Thanks for the sample code I’ll try it out. Although I’m not sure it’ll meet our needs. The requirement is to be able to search for text that could contain things like line breaks, tabs, etc…and replace them.

I did try the following but received an error:

Aspose.Words.Replacing.FindReplaceOptions opt = new
Aspose.Words.Replacing.FindReplaceOptions();
opt.FindWholeWordsOnly = false;
opt.MatchCase = false;
opt.Direction = FindReplaceDirection.Backward;

string textToFind = @"[HRA] [HSA]\rNetwork";
string valueToSetTo = “”;
var cnt = cell.Range.Replace(textToFind.Replace(ControlChar.Cr, “&p”), valueToSetTo, opt);

The error I received was Cannot add a node Before/After itself.

@v6er,

To replace Paragraph Break, please use the code mentioned in my previous post. Also, for general Tab and Line Break characters, the following code will work (see input/output documents Docs.zip (18.1 KB)).

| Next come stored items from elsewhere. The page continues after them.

(* Assume the axiom of choice. Let $\pi_0,\pi_1 : E\rightrightarrows V$ be a connected graph where $E$ and $V$ are both sets. Then a spanning tree for the graph merely exists.
   Context: Work in homotopy type theory. A graph is a pair of types $V,E$ with maps $\pi_0,\pi_1 : E\to V$; its coequalizer $V/E$ is the higher inductive type with points $[v]$ and paths $[\pi_0(e)]=[\pi_1(e)]$. A graph is connected if its coequalizer is a connected type, and is a tree if its coequalizer is contractible. A subgraph is a graph $D\rightrightarrows U$ with embeddings $h:D\hookrightarrow E$, $k:U\hookrightarrow V$ commuting with both endpoint maps. A spanning tree is a subgraph that is a tree, whose vertex embedding $U\hookrightarrow V$ is an equivalence, and whose edge embedding $D\hookrightarrow E$ has decidable image. *)

theory Defs
  imports Main
begin

text \<open>A graph: vertex set V, edge set E, endpoint maps s (= pi0) and t (= pi1).
An oriented edge is a pair (e, b); b = True means traversed from s e to t e.\<close>

definition graph :: "'v set \<Rightarrow> 'e set \<Rightarrow> ('e \<Rightarrow> 'v) \<Rightarrow> ('e \<Rightarrow> 'v) \<Rightarrow> bool" where
  "graph V E s t \<longleftrightarrow> (\<forall>e\<in>E. s e \<in> V \<and> t e \<in> V)"

definition osrc :: "('e \<Rightarrow> 'v) \<Rightarrow> ('e \<Rightarrow> 'v) \<Rightarrow> 'e \<times> bool \<Rightarrow> 'v" where
  "osrc s t x = (if snd x then s (fst x) else t (fst x))"

definition otgt :: "('e \<Rightarrow> 'v) \<Rightarrow> ('e \<Rightarrow> 'v) \<Rightarrow> 'e \<times> bool \<Rightarrow> 'v" where
  "otgt s t x = (if snd x then t (fst x) else s (fst x))"

inductive walk :: "'v set \<Rightarrow> 'e set \<Rightarrow> ('e \<Rightarrow> 'v) \<Rightarrow> ('e \<Rightarrow> 'v) \<Rightarrow> 'v \<Rightarrow> ('e \<times> bool) list \<Rightarrow> 'v \<Rightarrow> bool"
  for V E s t where
  walk_nil: "u \<in> V \<Longrightarrow> walk V E s t u [] u"
| walk_cons: "fst x \<in> E \<Longrightarrow> u \<in> V \<Longrightarrow> osrc s t x = u \<Longrightarrow> walk V E s t (otgt s t x) ws w
      \<Longrightarrow> walk V E s t u (x # ws) w"

fun reduced :: "('e \<times> bool) list \<Rightarrow> bool" where
  "reduced (x # y # ws) = ((fst x \<noteq> fst y \<or> snd x = snd y) \<and> reduced (y # ws))"
| "reduced _ = True"

text \<open>Connected: the coequalizer is connected, i.e. inhabited and any two vertices
are merely identified, i.e. joined by a walk.\<close>
definition connected_graph :: "'v set \<Rightarrow> 'e set \<Rightarrow> ('e \<Rightarrow> 'v) \<Rightarrow> ('e \<Rightarrow> 'v) \<Rightarrow> bool" where
  "connected_graph V E s t \<longleftrightarrow> V \<noteq> {} \<and> (\<forall>u\<in>V. \<forall>v\<in>V. \<exists>ws. walk V E s t u ws v)"

text \<open>Tree: the coequalizer is contractible, i.e. inhabited and each identity type
[u] = [v] (equivalent to the set of reduced walks from u to v) is contractible.\<close>
definition is_tree :: "'v set \<Rightarrow> 'e set \<Rightarrow> ('e \<Rightarrow> 'v) \<Rightarrow> ('e \<Rightarrow> 'v) \<Rightarrow> bool" where
  "is_tree V E s t \<longleftrightarrow> V \<noteq> {} \<and>
     (\<forall>u\<in>V. \<forall>v\<in>V. \<exists>!ws. walk V E s t u ws v \<and> reduced ws)"

text \<open>Spanning tree: a subset D of the edges (decidable image is automatic classically),
all vertices kept, endpoint maps restricted, forming a tree.\<close>
definition spanning_tree :: "'v set \<Rightarrow> 'e set \<Rightarrow> ('e \<Rightarrow> 'v) \<Rightarrow> ('e \<Rightarrow> 'v) \<Rightarrow> 'e set \<Rightarrow> bool" where
  "spanning_tree V E s t D \<longleftrightarrow> D \<subseteq> E \<and> is_tree V D s t"

end

theory Submission
  imports Defs
begin

text \<open>By Zorn's lemma there is a maximal forest, i.e. a set of edges between any two
vertices of which there is at most one reduced walk: unions of chains of forests are
forests because two walks use only finitely many edges. If the endpoints of an edge e
are not joined in a forest D, then D plus e is still a forest: a reduced walk can cross
e at most once, and the direction in which it crosses is fixed by the component of D
containing its start. So a maximal forest joins the endpoints of every edge, hence, the
graph being connected, any two vertices; together with uniqueness of reduced walks this
makes it a spanning tree.\<close>

lemma walk_in_V: "walk V D s t u ws v \<Longrightarrow> u \<in> V \<and> v \<in> V"
  by (induction rule: walk.induct) auto

lemma walk_edges: "walk V D s t u ws v \<Longrightarrow> fst ` set ws \<subseteq> D"
  by (induction rule: walk.induct) auto

lemma walk_mono: "walk V D s t u ws v \<Longrightarrow> fst ` set ws \<subseteq> D' \<Longrightarrow> walk V D' s t u ws v"
  by (induction rule: walk.induct) (auto intro: walk.intros)

lemma walk_insert_avoiding:
  "walk V (insert e D) s t u ws v \<Longrightarrow> e \<notin> fst ` set ws \<Longrightarrow> walk V D s t u ws v"
  using walk_edges walk_mono by (metis subset_insert)

lemma walk_append: "walk V D s t u ws v \<Longrightarrow> walk V D s t v ws' w \<Longrightarrow> walk V D s t u (ws @ ws') w"
  by (induction rule: walk.induct) (auto intro: walk.intros)

lemma walk_appendE:
  assumes "walk V D s t u (ws @ ws') w"
  obtains v where "walk V D s t u ws v" "walk V D s t v ws' w"
  using assms
proof (induction ws arbitrary: u)
  case Nil
  then show ?case using walk_in_V by (fastforce intro: walk.intros)
next
  case (Cons x ws)
  from Cons.prems(2) have "fst x \<in> D" "u \<in> V" "osrc s t x = u"
    "walk V D s t (otgt s t x) (ws @ ws') w"
    by (auto elim: walk.cases)
  with Cons.IH Cons.prems(1) show ?case by (blast intro: walk.intros)
qed

lemma walk_ConsE:
  assumes "walk V D s t u (x # ws) w"
  obtains "fst x \<in> D" "osrc s t x = u" "walk V D s t (otgt s t x) ws w"
  using assms by (auto elim: walk.cases)

lemma walk_edge:
  "e \<in> D \<Longrightarrow> s e \<in> V \<Longrightarrow> t e \<in> V \<Longrightarrow> walk V D s t (s e) [(e, True)] (t e)"
  by (auto intro!: walk.intros simp: osrc_def otgt_def)

lemma walk_rev: "walk V D s t u ws v \<Longrightarrow> walk V D s t v (rev (map (\<lambda>(e, b). (e, \<not> b)) ws)) u"
proof (induction rule: walk.induct)
  case (walk_nil u)
  then show ?case by (auto intro: walk.intros)
next
  case (walk_cons x u ws w)
  have "walk V D s t (otgt s t x) [(fst x, \<not> snd x)] u"
    using walk_cons walk_in_V[OF walk_cons(4)]
    by (auto intro!: walk.intros simp: osrc_def otgt_def)
  with walk_cons.IH show ?case
    by (auto simp: case_prod_beta intro: walk_append)
qed

lemma reduced_ConsD: "reduced (x # ws) \<Longrightarrow> reduced ws"
  by (cases ws) auto

lemma reduced_appendD: "reduced (ws @ ws') \<Longrightarrow> reduced ws \<and> reduced ws'"
proof (induction ws)
  case (Cons x ws)
  then show ?case by (cases ws) (auto dest: reduced_ConsD)
qed simp

lemma reduced_walk_exists:
  "walk V D s t u ws v \<Longrightarrow> \<exists>ws'. walk V D s t u ws' v \<and> reduced ws'"
proof (induction rule: walk.induct)
  case (walk_nil u)
  then show ?case by (auto intro: walk.intros)
next
  case (walk_cons x u ws w)
  then obtain ws' where ws': "walk V D s t (otgt s t x) ws' w" "reduced ws'" by blast
  show ?case
  proof (cases "\<exists>y ws''. ws' = y # ws'' \<and> fst y = fst x \<and> snd y \<noteq> snd x")
    case True
    \<comment> \<open>the walk starts by crossing x back, so dropping x and that step still leads from u to w\<close>
    then obtain y ws'' where y: "ws' = y # ws''" "fst y = fst x" "snd y \<noteq> snd x" by blast
    with ws' have "walk V D s t (otgt s t y) ws'' w" by (auto elim: walk_ConsE)
    moreover have "otgt s t y = u" using y walk_cons(3) by (auto simp: osrc_def otgt_def)
    moreover have "reduced ws''" using ws'(2) y(1) reduced_ConsD by blast
    ultimately show ?thesis by blast
  next
    case False
    then have "reduced (x # ws')" using ws'(2) by (cases ws') auto
    then show ?thesis using walk_cons ws' by (blast intro: walk.intros)
  qed
qed

definition joined :: "'v set \<Rightarrow> 'e set \<Rightarrow> ('e \<Rightarrow> 'v) \<Rightarrow> ('e \<Rightarrow> 'v) \<Rightarrow> 'v \<Rightarrow> 'v \<Rightarrow> bool" where
  "joined V D s t u v \<longleftrightarrow> (\<exists>ws. walk V D s t u ws v)"

lemma joined_sym: "joined V D s t u v \<Longrightarrow> joined V D s t v u"
  unfolding joined_def by (metis walk_rev)

lemma joined_trans: "joined V D s t u v \<Longrightarrow> joined V D s t v w \<Longrightarrow> joined V D s t u w"
  unfolding joined_def by (metis walk_append)

lemma joined_osrc_otgt_iff:
  "joined V D s t (osrc s t x) (otgt s t x) \<longleftrightarrow> joined V D s t (s (fst x)) (t (fst x))"
  using joined_sym by (cases "snd x") (auto simp: osrc_def otgt_def)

Document doc = new Document("D:\\temp\\Sample.docx");
FindReplaceOptions findReplaceOptions = new FindReplaceOptions(FindReplaceDirection.Backward);
doc.Range.Replace("hello " + ControlChar.Tab + " World " + "Great " + ControlChar.LineBreak + " New Line", 
                    "REPLACED", 
                    findReplaceOptions);
doc.Save("D:\\Temp\\18.6.docx");

Please also refer to the following article which explains the Find and Replace feature of Aspose.Words:

Find and Replace

You can also write your own logic by implementing the IReplacingCallback interface.